8. Edge‑Primary Constraints

In Edge‑primary systems, a World:

  • MUST be instantiable without network connectivity;
  • MUST degrade gracefully under partial data loss;
  • SHOULD support local persistence and recovery;
  • MAY synchronize with other Worlds opportunistically.

9. Failure and Degradation Modes

World degradation may include:

  • Loss of contextual fidelity (e.g., missing axes, stale frames)
  • Temporal discontinuity (e.g., clock reset)
  • Reduced Event recognition accuracy

Systems MUST continue operating in a degraded but safe mode rather than failing catastrophically.
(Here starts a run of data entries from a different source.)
lemma run_dyck:
  assumes xS: "x \<in> S" shows "is_dyck_tile (run A B x)"
proof -
  let ?t = "run A B x" let ?s = "tile_start ?t" let ?e = "tile_end ?t"
  define i where "i = level A x"
  have tt: "col_path ?t" using run_col_path[OF xS] .
  have s: "?s \<in> ?t" "col ?s \<le> col x" "col_len A B (col ?s - 1) \<le> i"
    using run_start[OF xS] i_def by auto
  have e: "?e \<in> ?t" "col x \<le> col ?e" "col_len A B (col ?e + 1) \<le> i"
    using run_end[OF xS] i_def by auto
  have ls: "level A ?s = i" "level A ?e = i" using run_memD s e i_def by auto
  have hs: "\<forall>c. between (col x) (col ?s) c \<longrightarrow> i < col_len A B c"
    using run_memD[OF s(1)] i_def by blast
  have he: "\<forall>c. between (col x) (col ?e) c \<longrightarrow> i < col_len A B c"
    using run_memD[OF e(1)] i_def by blast
  have bnd: "ht y \<le> ht ?s \<and> ht y \<le> ht ?e" if y: "y \<in> ?t" for y
  proof -
    have ly: "level A y = i" "\<forall>c. between (col x) (col y) c \<longrightarrow> i < col_len A B c"
      using run_memD[OF y] i_def by auto
    have ys: "col ?s \<le> col y" "col y \<le> col ?e"
      using col_path_start[OF tt] col_path_end[OF tt] y by auto
    have all: "i < col_len A B c" if "col ?s \<le> c" "c \<le> col ?e" for c
      using that hs he s(2) e(2) unfolding between_def by (cases "c \<le> col x") auto
    have "base_ht A (col y) \<le> base_ht A (col ?s)"
      using left ys s(3) all unfolding left_cond_def
      by (meson dual_order.trans order_le_less_trans)
    moreover have "base_ht A (col y) \<le> base_ht A (col ?e)"
      using right ys e(3) all unfolding right_cond_def
      by (meson dual_order.trans order_le_less_trans)
    moreover have "ht y = base_ht A (col y) + 2 * i" "ht ?s = base_ht A (col ?s) + 2 * i" "ht ?e = base_ht A (col ?e) + 2 * i"
      using ht_cell_base[of A "level A z" "col z" for z] ly ls by (metis cell_level)+
    ultimately show ?thesis by simp
  qed
  have fin_t: "finite ?t" using tt unfolding col_path_def by blast
  have "tile_ht ?t = ht ?s" unfolding tile_ht_def
    by (rule Max_eqI) (use fin_t bnd s in auto)
  moreover have "ht ?e = ht ?s" using bnd s(1) e(1) by (simp add: eq_iff)
  ultimately show ?thesis unfolding is_dyck_tile_def using col_path_is_tile[OF tt] by simp
qed

definition runs :: "node set set" where
  "runs = run A B ` S"

lemma dyck_tiling_runs: "dyck_tiling runs S"
  unfolding dyck_tiling_def runs_def
proof (intro conjI)
  show "\<forall>t\<in>run A B ` S. is_dyck_tile t" using run_dyck by blast
  show "\<Union> (run A B ` S) = S" using run_self run_memD by blast
  show "\<forall>t\<in>run A B ` S. \<forall>u\<in>run A B ` S. t \<noteq> u \<longrightarrow> t \<inter> u = {}"
    using run_eq by blast
qed

lemma tile_of_runs: "x \<in> S \<Longrightarrow> tile_of runs x = run A B x"
  using tile_of_eq[OF dyck_tiling_runs] run_self unfolding runs_def by blast

lemma run_start_SE:
  assumes a: "x \<in> S" "SE x \<in> S"
  shows "col (tile_start (run A B (SE x))) \<le> col (tile_start (run A B x))"
proof -
  let ?s = "tile_start (run A B x)"
  have s: "?s \<in> run A B x" "col ?s \<le> col x" using run_start a by auto
  have hs: "\<forall>c. between (col x) (col ?s) c \<longrightarrow> level A x < col_len A B c" "level A ?s = level A x"
    using run_memD[OF s(1)] by auto
  define i' where "i' = level A (SE x)"
  have i': "0 \<le> i'" "i' \<le> level A x" "i' < col_len A B (col x + 1)"
    using a unit_descent_nextD[OF descent_A, of "col x"] in_skew[of "SE x" A B]
    unfolding i'_def level_SE col_len_def
    by auto
  define w where "w = cell A i' (col ?s)"
  have "w \<in> run A B (SE x)"
  proof -
    have "cell A i' (col ?s) \<in> S"
      using i' hs s unfolding cell_in_skew_iff by (auto simp: between_def)
    moreover have "level A (cell A i' (col ?s)) = level A (SE x)" using i'_def by simp
    moreover have "\<forall>c. between (col (SE x)) (col (cell A i' (col ?s))) c \<longrightarrow> level A (SE x) < col_len A B c"
    proof (intro allI impI)
      fix c assume "between (col (SE x)) (col (cell A i' (col ?s))) c"
    then have "c = col x + 1 \<or> between (col x) (col ?s) c" using s(2) by (auto simp: between_def)
      then show "level A (SE x) < col_len A B c" using i' hs unfolding i'_def by auto
    qed
    ultimately show ?thesis unfolding run_def w_def by blast
  qed
  then show ?thesis
    using col_path_start[OF run_col_path[OF a(2)]] w_def by force
qed

lemma run_end_SW:
  assumes a: "x \<in> S" "SW x \<in> S"
  shows "col (tile_end (run A B x)) \<le> col (tile_end (run A B (SW x)))"
proof -
  let ?s = "tile_end (run A B x)"
  have s: "?s \<in> run A B x" "col x \<le> col ?s" using run_end a by auto
  have hs: "\<forall>c. between (col x) (col ?s) c \<longrightarrow> level A x < col_len A B c" "level A ?s = level A x"
    using run_memD[OF s(1)] by auto
  define i' where "i' = level A (SW x)"
  have i': "0 \<le> i'" "i' \<le> level A x" "i' < col_len A B (col x - 1)"
    using a unit_descent_prevD[OF descent_A, of "col x"] in_skew[of "SW x" A B]
    unfolding i'_def level_SW col_len_def
    by auto
  define w where "w = cell A i' (col ?s)"
  have "w \<in> run A B (SW x)"
  proof -
    have "cell A i' (col ?s) \<in> S"
      using i' hs s unfolding cell_in_skew_iff by (auto simp: between_def)
    moreover have "level A (cell A i' (col ?s)) = level A (SW x)" using i'_def by simp
    moreover have "\<forall>c. between (col (SW x)) (col (cell A i' (col ?s))) c \<longrightarrow> level A (SW x) < col_len A B c"
    proof (intro allI impI)
      fix c assume "between (col (SW x)) (col (cell A i' (col ?s))) c"
    then have "c = col x - 1 \<or> between (col x) (col ?s) c" using s(2) by (auto simp: between_def)
      then show "level A (SW x) < col_len A B c" using i' hs unfolding i'_def by auto
    qed
    ultimately show ?thesis unfolding run_def w_def by blast
  qed
  then show ?thesis
    using col_path_end[OF run_col_path[OF a(2)]] w_def by force
qed

lemma cover_expansive_runs: "cover_expansive runs S"
  unfolding cover_expansive_def using run_start_SE run_end_SW tile_of_runs by simp

lemma ce_tiling_exists: "\<exists>T. ce_dyck_tiling T S"
  using dyck_tiling_runs cover_expansive_runs unfolding ce_dyck_tiling_def by blast

end

lemma right_cond_iff_mirror: "right_cond n f \<longleftrightarrow> left_cond (\<lambda>c. n (- c)) (\<lambda>c. f (- c))"
proof
  assume R: "right_cond n f"
  show "left_cond (\<lambda>c. n (- c)) (\<lambda>c. f (- c))" unfolding left_cond_def
  proof (intro allI impI)
    fix p c assume a: "p \<le> c \<and> (\<forall>c'. p \<le> c' \<and> c' \<le> c \<longrightarrow> n (- (p - 1)) < n (- c'))"
    have "f (- c) \<le> f (- p)"
    proof (rule right_condD[OF R])
      show "- c \<le> - p" using a by simp
      fix c' assume "- c \<le> c'" "c' \<le> - p"
      then show "n (- p + 1) < n c'" using a[THEN conjunct2, rule_format, of "- c'"] by simp
    qed
    then show "f (- c) \<le> f (- p)" .
  qed
next
  assume L: "left_cond (\<lambda>c. n (- c)) (\<lambda>c. f (- c))"
  show "right_cond n f" unfolding right_cond_def
  proof (intro allI impI)
    fix c q assume a: "c \<le> q \<and> (\<forall>c'. c \<le> c' \<and> c' \<le> q \<longrightarrow> n (q + 1) < n c')"
    have "f (- (- c)) \<le> f (- (- q))"
    proof (rule left_condD[OF L])
      show "- q \<le> - c" using a by simp
      fix c' assume "- q \<le> c'" "c' \<le> - c"
      then show "n (- (- q - 1)) < n (- c')"
        using a[THEN conjunct2, rule_format, of "- c'"] by (simp add: add.commute)
    qed
    then show "f c \<le> f q" by simp
  qed
qed

lemma fun_upd_mirror: "(\<lambda>c::int. (g(j := v)) (- c)) = (\<lambda>c. g (- c))(- j := v)"
proof (rule ext)
  fix c show "(g(j := v)) (- c) = ((\<lambda>c. g (- c))(- j := v)) c" by (cases "c = - j") auto
qed

text \<open>\<open>n\<close> and \<open>f\<close> stand for the column lengths and base heights of a skew shape whose column \<open>j\<close> has
  an addable node on both boundaries; \<open>s\<close> is the first column of the run through the top cell
  (level \<open>r - 1\<close>) of column \<open>j\<close>.\<close>

locale valley =
  fixes n f :: "int \<Rightarrow> int" and j r s :: int
  assumes len_step_up: "\<And>c. n c - n (c - 1) \<le> 1" and len_step_down: "\<And>c. n (c - 1) - n c \<le> 1"
    and base_step_up: "\<And>c. n c - n (c - 1) = 1 \<Longrightarrow> f (c - 1) = f c + 1"
    and base_step_down: "\<And>c. n (c - 1) - n c = 1 \<Longrightarrow> f c = f (c - 1) + 1"
    and len_prev: "n (j - 1) = r" and len_at: "n j = r" and len_next: "n (j + 1) = r"
    and base_prev: "f (j - 1) = f j + 1" and base_next: "f (j + 1) = f j + 1" and r_pos: "1 \<le> r"
    and s_le_j: "s \<le> j" and len_before_s: "n (s - 1) \<le> r - 1" and len_from_s: "\<And>c'. s \<le> c' \<Longrightarrow> c' \<le> j \<Longrightarrow> r \<le> n c'"
begin

lemma len_s: "n (s - 1) = r - 1" "n s = r"
  using len_before_s len_from_s[of s] s_le_j len_step_up[of s] len_from_s[of s] by auto
lemma base_before_s: "f (s - 1) = f s + 1" using base_step_up[of s] len_s by simp
lemma s_lt_j: "s < j" using s_le_j len_s len_prev by (cases "s = j") auto

lemma shrink_crossing:
  assumes L: "left_cond n f" and fsj: "f s = f j + 1" and "p < j" "j \<le> c"
    and P: "\<And>c'. p \<le> c' \<Longrightarrow> c' \<le> c \<Longrightarrow> (n(j := r - 1)) (p - 1) < (n(j := r - 1)) c'"
  shows "(f(j := f j + 2)) c \<le> f p"
proof -
  have np: "(n(j := r - 1)) (p - 1) = n (p - 1)" using \<open>p < j\<close> by simp
  have npj: "n (p - 1) < r - 1" using P[of j] assms(3,4) np by simp
  have Pn: "n (p - 1) < n c'" if "p \<le> c'" "c' \<le> c" for c'
    using P[OF that] np npj len_at by (cases "c' = j") auto
  have fcp: "f c \<le> f p" using left_condD[OF L _ Pn] assms(3,4) by simp
  show ?thesis
  proof (cases "c = j")
    case False then show ?thesis using fcp by simp
  next
    case True
    have "p < s"
    proof (rule ccontr)
      assume "\<not> p < s"
      then have "p - 1 = s - 1 \<or> (s \<le> p - 1 \<and> p - 1 \<le> j)" using assms(3) by auto
      then show False using len_s npj len_from_s[of "p - 1"] by auto
    qed
    then have "f (s - 1) \<le> f p"
      using left_condD[OF L, of p "s - 1"] Pn s_lt_j True by simp
    then show ?thesis using base_before_s fsj True by simp
  qed
qed

lemma left_cond_shrink:
  assumes L: "left_cond n f" and fsj: "f s = f j + 1"
  shows "left_cond (n(j := r - 1)) (f(j := f j + 2))"
  unfolding left_cond_def
proof (intro allI impI)
  fix p c
  assume a: "p \<le> c \<and> (\<forall>c'. p \<le> c' \<and> c' \<le> c \<longrightarrow> (n(j := r - 1)) (p - 1) < (n(j := r - 1)) c')"
  then have pc: "p \<le> c"
    and P: "\<And>c'. p \<le> c' \<Longrightarrow> c' \<le> c \<Longrightarrow> (n(j := r - 1)) (p - 1) < (n(j := r - 1)) c'"
      by blast+
  consider "p = j" | "p = j + 1" | "p < j" "j \<le> c" | "c < j \<or> j + 1 < p" by linarith
  then show "(f(j := f j + 2)) c \<le> (f(j := f j + 2)) p"
  proof cases
    case 1
    then show ?thesis using P[of j] pc len_prev by simp
  next
    case 2
    have "f c \<le> f s"
    proof (rule left_condD[OF L])
      show "s \<le> c" using 2 pc s_le_j by simp
      fix c' assume "s \<le> c'" "c' \<le> c"
      then show "n (s - 1) < n c'" using len_s len_from_s[of c'] P[of c'] 2 by (cases "c' \<le> j") auto
    qed
    then show ?thesis using 2 pc fsj base_next by simp
  next
    case 3
    then show ?thesis using shrink_crossing[OF L fsj 3 P] by simp
  next
    case 4
    have "f c \<le> f p"
    proof (rule left_condD[OF L pc])
      fix c' assume "p \<le> c'" "c' \<le> c"
      then show "n (p - 1) < n c'" using P[of c'] 4 by (cases "c' = j") auto
    qed
    then show ?thesis using 4 pc by auto
  qed
qed

lemma unshrink_crossing:
  assumes L: "left_cond (n(j := r - 1)) (f(j := f j + 2))" and fsj: "f s = f j + 1"
    and "p < j" "j \<le> c" and P: "\<And>c'. p \<le> c' \<Longrightarrow> c' \<le> c \<Longrightarrow> n (p - 1) < n c'"
  shows "f c \<le> f p"
proof (cases "n (p - 1) < r - 1")
  case True
  have "(f(j := f j + 2)) c \<le> (f(j := f j + 2)) p"
  proof (rule left_condD[OF L])
    show "p \<le> c" using assms(3,4) by simp
    fix c' assume "p \<le> c'" "c' \<le> c"
    then show "(n(j := r - 1)) (p - 1) < (n(j := r - 1)) c'" using P[of c'] True assms(3) by auto
  qed
  then show ?thesis using assms(3) by (cases "c = j") auto
next
  case False
  then have npr: "n (p - 1) = r - 1" using P[of j] assms(3,4) len_at by simp
  have ps: "p = s"
  proof (rule ccontr)
    assume "p \<noteq> s"
    then have "p < s \<or> (s \<le> p - 1 \<and> p - 1 \<le> j)" using assms(3) by auto
    then show False
      using P[of "s - 1"] len_s npr s_lt_j assms(4) len_from_s[of "p - 1"] by auto
  qed
  consider "c < j" | "c = j" | "j < c" by linarith
  then show ?thesis
  proof cases
    case 1
    have "(f(j := f j + 2)) c \<le> (f(j := f j + 2)) s"
    proof (rule left_condD[OF L])
      show "s \<le> c" using assms(4) 1 by simp
      fix c' assume "s \<le> c'" "c' \<le> c"
      then show "(n(j := r - 1)) (s - 1) < (n(j := r - 1)) c'" using P[of c'] ps 1 by auto
    qed
    then show ?thesis using 1 ps s_lt_j by simp
  next
    case 2
    then show ?thesis using ps fsj by simp
  next
    case 3
    have "(f(j := f j + 2)) c \<le> (f(j := f j + 2)) (j + 1)"
    proof (rule left_condD[OF L])
      show "j + 1 \<le> c" using 3 by simp
      fix c' assume "j + 1 \<le> c'" "c' \<le> c"
      then show "(n(j := r - 1)) (j + 1 - 1) < (n(j := r - 1)) c'" using P[of c'] ps npr s_lt_j by auto
    qed
    then show ?thesis using 3 ps fsj base_next by simp
  qed
qed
10. Notes for Implementers (Non‑Normative)

  • A World may be implemented as a graph, object space, scene model, contextual runtime, or “digital twin” fragment.
  • Lightweight Worlds are appropriate for constrained edge devices.
  • Worlds may be nested or layered (e.g., Physical World, Home World, Interaction World).
  • For the MVP, AxisType values will typically include: TEMPORAL, SPATIAL, ACTIVITY, DEVICE_STATE, and POLICY_CONTEXT; SOCIAL is useful but should be privacy-gated.